Your instructions
Once the line containing "v = \<delta>" is found in the records below, return it and each following line exactly, up to and including the line containing "case (Suc m)", and nothing else.

Stored records:
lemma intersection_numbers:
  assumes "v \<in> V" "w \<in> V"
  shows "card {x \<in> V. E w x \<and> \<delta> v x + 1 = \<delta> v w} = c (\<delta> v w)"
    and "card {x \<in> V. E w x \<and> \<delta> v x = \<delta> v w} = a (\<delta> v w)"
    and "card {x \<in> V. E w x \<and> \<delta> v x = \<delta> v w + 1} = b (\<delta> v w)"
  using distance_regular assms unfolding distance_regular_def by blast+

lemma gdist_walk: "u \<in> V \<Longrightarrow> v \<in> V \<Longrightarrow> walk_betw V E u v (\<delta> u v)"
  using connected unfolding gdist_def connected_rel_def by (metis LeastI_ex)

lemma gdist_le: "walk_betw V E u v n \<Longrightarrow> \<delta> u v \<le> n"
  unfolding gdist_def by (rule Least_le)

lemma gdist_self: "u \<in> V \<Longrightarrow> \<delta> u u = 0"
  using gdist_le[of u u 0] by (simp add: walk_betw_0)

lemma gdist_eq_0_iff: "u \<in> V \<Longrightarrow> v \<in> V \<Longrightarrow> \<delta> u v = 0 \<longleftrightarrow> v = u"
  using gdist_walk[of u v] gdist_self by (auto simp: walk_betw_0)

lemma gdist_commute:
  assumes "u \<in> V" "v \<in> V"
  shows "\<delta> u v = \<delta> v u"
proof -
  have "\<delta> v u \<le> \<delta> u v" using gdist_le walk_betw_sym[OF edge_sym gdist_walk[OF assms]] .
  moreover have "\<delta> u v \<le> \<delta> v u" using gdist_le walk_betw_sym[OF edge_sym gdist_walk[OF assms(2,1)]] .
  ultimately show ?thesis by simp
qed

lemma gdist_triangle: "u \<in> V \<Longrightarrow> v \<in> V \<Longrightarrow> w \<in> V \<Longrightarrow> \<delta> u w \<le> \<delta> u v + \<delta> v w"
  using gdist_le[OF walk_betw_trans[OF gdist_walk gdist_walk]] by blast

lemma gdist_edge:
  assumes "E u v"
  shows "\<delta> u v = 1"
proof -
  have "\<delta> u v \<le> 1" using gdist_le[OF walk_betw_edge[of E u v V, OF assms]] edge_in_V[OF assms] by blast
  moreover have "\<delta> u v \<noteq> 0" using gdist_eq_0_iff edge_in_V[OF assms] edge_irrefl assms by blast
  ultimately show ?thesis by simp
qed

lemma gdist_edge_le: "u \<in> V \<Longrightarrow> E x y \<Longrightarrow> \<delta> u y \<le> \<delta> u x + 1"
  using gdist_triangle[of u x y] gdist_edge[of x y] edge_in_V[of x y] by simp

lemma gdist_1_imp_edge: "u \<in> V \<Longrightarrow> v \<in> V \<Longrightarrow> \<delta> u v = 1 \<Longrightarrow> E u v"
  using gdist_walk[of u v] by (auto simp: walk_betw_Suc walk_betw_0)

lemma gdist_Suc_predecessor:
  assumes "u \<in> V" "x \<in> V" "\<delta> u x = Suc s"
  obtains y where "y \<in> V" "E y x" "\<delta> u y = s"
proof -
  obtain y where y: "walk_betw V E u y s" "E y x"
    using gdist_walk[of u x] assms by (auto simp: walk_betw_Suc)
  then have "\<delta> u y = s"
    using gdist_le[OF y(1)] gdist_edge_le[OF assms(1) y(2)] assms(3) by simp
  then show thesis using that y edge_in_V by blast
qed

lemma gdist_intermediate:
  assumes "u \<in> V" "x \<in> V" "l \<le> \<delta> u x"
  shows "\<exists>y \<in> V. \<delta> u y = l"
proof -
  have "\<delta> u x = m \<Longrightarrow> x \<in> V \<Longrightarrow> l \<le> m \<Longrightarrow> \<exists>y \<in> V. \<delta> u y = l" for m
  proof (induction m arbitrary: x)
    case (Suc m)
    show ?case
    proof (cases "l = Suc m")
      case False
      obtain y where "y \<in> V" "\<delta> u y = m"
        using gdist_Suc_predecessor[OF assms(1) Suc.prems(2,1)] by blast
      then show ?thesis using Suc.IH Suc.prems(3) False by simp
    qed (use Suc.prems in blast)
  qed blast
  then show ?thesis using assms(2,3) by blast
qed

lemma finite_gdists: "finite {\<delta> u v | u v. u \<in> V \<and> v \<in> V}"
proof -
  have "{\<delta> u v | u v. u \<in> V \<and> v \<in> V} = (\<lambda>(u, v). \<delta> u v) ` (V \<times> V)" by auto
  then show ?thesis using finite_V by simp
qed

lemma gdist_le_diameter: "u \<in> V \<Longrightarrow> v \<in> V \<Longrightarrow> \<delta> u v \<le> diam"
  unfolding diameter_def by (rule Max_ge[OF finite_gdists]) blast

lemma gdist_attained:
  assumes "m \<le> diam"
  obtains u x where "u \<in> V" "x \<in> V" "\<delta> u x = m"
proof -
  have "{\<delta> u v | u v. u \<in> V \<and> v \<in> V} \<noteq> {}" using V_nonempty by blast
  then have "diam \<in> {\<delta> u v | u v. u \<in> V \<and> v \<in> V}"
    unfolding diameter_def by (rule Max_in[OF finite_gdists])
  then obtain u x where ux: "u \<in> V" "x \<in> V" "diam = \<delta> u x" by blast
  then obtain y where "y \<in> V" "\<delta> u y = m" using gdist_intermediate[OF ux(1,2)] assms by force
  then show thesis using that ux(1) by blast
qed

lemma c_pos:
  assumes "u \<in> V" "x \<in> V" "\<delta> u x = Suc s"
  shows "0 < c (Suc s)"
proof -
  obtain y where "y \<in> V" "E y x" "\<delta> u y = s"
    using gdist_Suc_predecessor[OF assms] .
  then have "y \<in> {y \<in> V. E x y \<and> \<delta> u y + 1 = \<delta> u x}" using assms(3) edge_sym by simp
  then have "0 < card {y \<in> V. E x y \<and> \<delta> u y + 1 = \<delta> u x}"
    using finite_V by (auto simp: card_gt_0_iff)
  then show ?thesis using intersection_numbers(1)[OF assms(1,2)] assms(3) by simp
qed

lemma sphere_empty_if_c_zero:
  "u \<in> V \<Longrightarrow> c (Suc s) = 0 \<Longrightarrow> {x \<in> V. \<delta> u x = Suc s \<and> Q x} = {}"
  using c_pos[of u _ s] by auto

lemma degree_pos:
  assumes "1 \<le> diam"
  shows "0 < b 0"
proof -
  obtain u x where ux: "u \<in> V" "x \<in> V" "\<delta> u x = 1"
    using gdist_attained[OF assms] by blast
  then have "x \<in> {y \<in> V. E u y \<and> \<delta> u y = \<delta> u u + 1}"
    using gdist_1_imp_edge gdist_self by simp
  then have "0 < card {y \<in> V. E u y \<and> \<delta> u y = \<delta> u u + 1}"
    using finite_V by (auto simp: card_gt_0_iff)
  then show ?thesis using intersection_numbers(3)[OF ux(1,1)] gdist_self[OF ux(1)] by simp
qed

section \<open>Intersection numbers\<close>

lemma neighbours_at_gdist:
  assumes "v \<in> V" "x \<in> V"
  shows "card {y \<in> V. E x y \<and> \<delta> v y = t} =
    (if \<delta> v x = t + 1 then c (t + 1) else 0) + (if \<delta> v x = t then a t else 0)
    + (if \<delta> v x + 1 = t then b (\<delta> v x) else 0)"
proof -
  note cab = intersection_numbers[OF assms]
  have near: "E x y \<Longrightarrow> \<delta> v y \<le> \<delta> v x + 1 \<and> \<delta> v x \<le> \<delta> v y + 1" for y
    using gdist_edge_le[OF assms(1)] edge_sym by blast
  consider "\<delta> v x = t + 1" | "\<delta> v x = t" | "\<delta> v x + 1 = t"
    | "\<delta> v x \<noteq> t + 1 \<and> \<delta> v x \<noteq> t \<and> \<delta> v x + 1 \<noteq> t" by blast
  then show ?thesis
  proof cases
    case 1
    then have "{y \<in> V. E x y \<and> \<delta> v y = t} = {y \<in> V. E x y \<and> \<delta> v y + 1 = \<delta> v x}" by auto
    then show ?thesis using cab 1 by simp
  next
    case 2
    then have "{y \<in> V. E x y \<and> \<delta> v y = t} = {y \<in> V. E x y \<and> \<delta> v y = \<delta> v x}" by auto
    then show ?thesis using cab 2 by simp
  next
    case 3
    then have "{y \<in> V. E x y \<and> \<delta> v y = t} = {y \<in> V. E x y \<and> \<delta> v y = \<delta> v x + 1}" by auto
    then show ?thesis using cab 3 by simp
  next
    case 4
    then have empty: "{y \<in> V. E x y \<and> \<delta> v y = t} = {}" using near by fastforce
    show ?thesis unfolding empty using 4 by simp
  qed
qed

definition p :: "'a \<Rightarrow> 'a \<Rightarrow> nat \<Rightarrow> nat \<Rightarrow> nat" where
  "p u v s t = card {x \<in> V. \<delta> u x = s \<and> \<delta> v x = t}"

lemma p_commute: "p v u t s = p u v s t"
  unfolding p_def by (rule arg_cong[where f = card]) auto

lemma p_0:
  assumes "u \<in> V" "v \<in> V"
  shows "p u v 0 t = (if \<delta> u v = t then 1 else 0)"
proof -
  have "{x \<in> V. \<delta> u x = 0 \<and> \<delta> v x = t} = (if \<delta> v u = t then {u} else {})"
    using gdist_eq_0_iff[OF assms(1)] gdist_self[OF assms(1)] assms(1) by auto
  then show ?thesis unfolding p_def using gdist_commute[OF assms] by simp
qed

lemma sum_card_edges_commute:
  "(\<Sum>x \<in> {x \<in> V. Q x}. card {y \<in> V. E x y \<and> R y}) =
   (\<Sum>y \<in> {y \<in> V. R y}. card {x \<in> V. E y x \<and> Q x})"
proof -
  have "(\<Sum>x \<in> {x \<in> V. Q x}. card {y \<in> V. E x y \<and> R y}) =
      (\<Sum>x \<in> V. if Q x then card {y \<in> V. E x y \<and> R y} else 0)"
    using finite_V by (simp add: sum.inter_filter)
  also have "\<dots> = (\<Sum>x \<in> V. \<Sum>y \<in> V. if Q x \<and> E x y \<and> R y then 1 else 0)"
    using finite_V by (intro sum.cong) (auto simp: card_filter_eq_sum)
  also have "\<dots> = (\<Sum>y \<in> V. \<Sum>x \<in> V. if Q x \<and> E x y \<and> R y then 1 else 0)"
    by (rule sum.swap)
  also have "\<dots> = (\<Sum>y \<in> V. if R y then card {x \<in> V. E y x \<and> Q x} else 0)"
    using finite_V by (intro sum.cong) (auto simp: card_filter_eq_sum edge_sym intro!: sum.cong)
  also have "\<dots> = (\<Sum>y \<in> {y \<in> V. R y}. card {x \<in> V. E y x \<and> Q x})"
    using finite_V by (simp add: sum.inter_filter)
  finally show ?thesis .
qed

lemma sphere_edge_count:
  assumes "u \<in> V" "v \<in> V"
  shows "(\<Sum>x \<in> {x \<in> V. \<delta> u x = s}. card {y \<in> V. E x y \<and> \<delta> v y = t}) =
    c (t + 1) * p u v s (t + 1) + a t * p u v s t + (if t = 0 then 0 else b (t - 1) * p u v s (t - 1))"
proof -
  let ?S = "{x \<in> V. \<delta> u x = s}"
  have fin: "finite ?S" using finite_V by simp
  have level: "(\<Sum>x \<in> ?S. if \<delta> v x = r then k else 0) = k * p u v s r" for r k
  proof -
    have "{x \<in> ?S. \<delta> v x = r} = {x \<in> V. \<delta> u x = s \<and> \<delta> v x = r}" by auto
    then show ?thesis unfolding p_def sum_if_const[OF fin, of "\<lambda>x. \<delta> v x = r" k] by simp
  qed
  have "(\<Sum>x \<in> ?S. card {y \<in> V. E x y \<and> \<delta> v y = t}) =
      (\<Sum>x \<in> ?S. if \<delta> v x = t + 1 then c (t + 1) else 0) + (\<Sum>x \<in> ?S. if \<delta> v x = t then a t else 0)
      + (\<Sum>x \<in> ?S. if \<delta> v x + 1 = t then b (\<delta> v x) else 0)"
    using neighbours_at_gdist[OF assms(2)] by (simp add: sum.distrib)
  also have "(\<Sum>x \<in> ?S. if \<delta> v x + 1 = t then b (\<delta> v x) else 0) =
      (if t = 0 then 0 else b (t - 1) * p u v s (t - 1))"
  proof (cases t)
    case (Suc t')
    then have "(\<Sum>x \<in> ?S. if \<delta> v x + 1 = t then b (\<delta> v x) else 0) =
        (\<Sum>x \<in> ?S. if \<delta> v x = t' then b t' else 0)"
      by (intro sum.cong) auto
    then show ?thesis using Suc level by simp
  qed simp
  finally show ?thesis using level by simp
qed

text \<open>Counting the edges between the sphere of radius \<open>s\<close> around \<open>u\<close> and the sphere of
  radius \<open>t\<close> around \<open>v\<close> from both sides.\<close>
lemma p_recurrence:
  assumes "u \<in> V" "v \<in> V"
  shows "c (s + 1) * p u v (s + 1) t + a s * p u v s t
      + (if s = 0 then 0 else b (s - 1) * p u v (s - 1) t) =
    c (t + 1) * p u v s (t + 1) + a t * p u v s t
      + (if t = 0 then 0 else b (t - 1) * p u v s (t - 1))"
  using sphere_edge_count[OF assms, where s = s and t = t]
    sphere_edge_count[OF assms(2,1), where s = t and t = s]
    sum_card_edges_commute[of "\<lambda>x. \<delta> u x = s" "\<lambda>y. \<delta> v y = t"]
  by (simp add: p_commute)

Solved problem
  shows "\<delta> u v = \<delta> v u"
proof -
  have "\<delta> v u \<le> \<delta> u v" using gdist_le walk_betw_sym[OF edge_sym gdist_walk[OF assms]] .
  moreover have "\<delta> u v \<le> \<delta> v u" using gdist_le walk_betw_sym[OF edge_sym gdist_walk[OF assms(2,1)]] .
  ultimately show ?thesis by simp
qed

lemma gdist_triangle: "u \<in> V \<Longrightarrow> v \<in> V \<Longrightarrow> w \<in> V \<Longrightarrow> \<delta> u w \<le> \<delta> u v + \<delta> v w"
  using gdist_le[OF walk_betw_trans[OF gdist_walk gdist_walk]] by blast

lemma gdist_edge:
  assumes "E u v"
  shows "\<delta> u v = 1"
proof -
  have "\<delta> u v \<le> 1" using gdist_le[OF walk_betw_edge[of E u v V, OF assms]] edge_in_V[OF assms] by blast
  moreover have "\<delta> u v \<noteq> 0" using gdist_eq_0_iff edge_in_V[OF assms] edge_irrefl assms by blast
  ultimately show ?thesis by simp
qed

lemma gdist_edge_le: "u \<in> V \<Longrightarrow> E x y \<Longrightarrow> \<delta> u y \<le> \<delta> u x + 1"
  using gdist_triangle[of u x y] gdist_edge[of x y] edge_in_V[of x y] by simp

lemma gdist_1_imp_edge: "u \<in> V \<Longrightarrow> v \<in> V \<Longrightarrow> \<delta> u v = 1 \<Longrightarrow> E u v"
  using gdist_walk[of u v] by (auto simp: walk_betw_Suc walk_betw_0)

lemma gdist_Suc_predecessor:
  assumes "u \<in> V" "x \<in> V" "\<delta> u x = Suc s"
  obtains y where "y \<in> V" "E y x" "\<delta> u y = s"
proof -
  obtain y where y: "walk_betw V E u y s" "E y x"
    using gdist_walk[of u x] assms by (auto simp: walk_betw_Suc)
  then have "\<delta> u y = s"
    using gdist_le[OF y(1)] gdist_edge_le[OF assms(1) y(2)] assms(3) by simp
  then show thesis using that y edge_in_V by blast
qed

lemma gdist_intermediate:
  assumes "u \<in> V" "x \<in> V" "l \<le> \<delta> u x"
  shows "\<exists>y \<in> V. \<delta> u y = l"
proof -
  have "\<delta> u x = m \<Longrightarrow> x \<in> V \<Longrightarrow> l \<le> m \<Longrightarrow> \<exists>y \<in> V. \<delta> u y = l" for m
  proof (induction m arbitrary: x)
    case (Suc m)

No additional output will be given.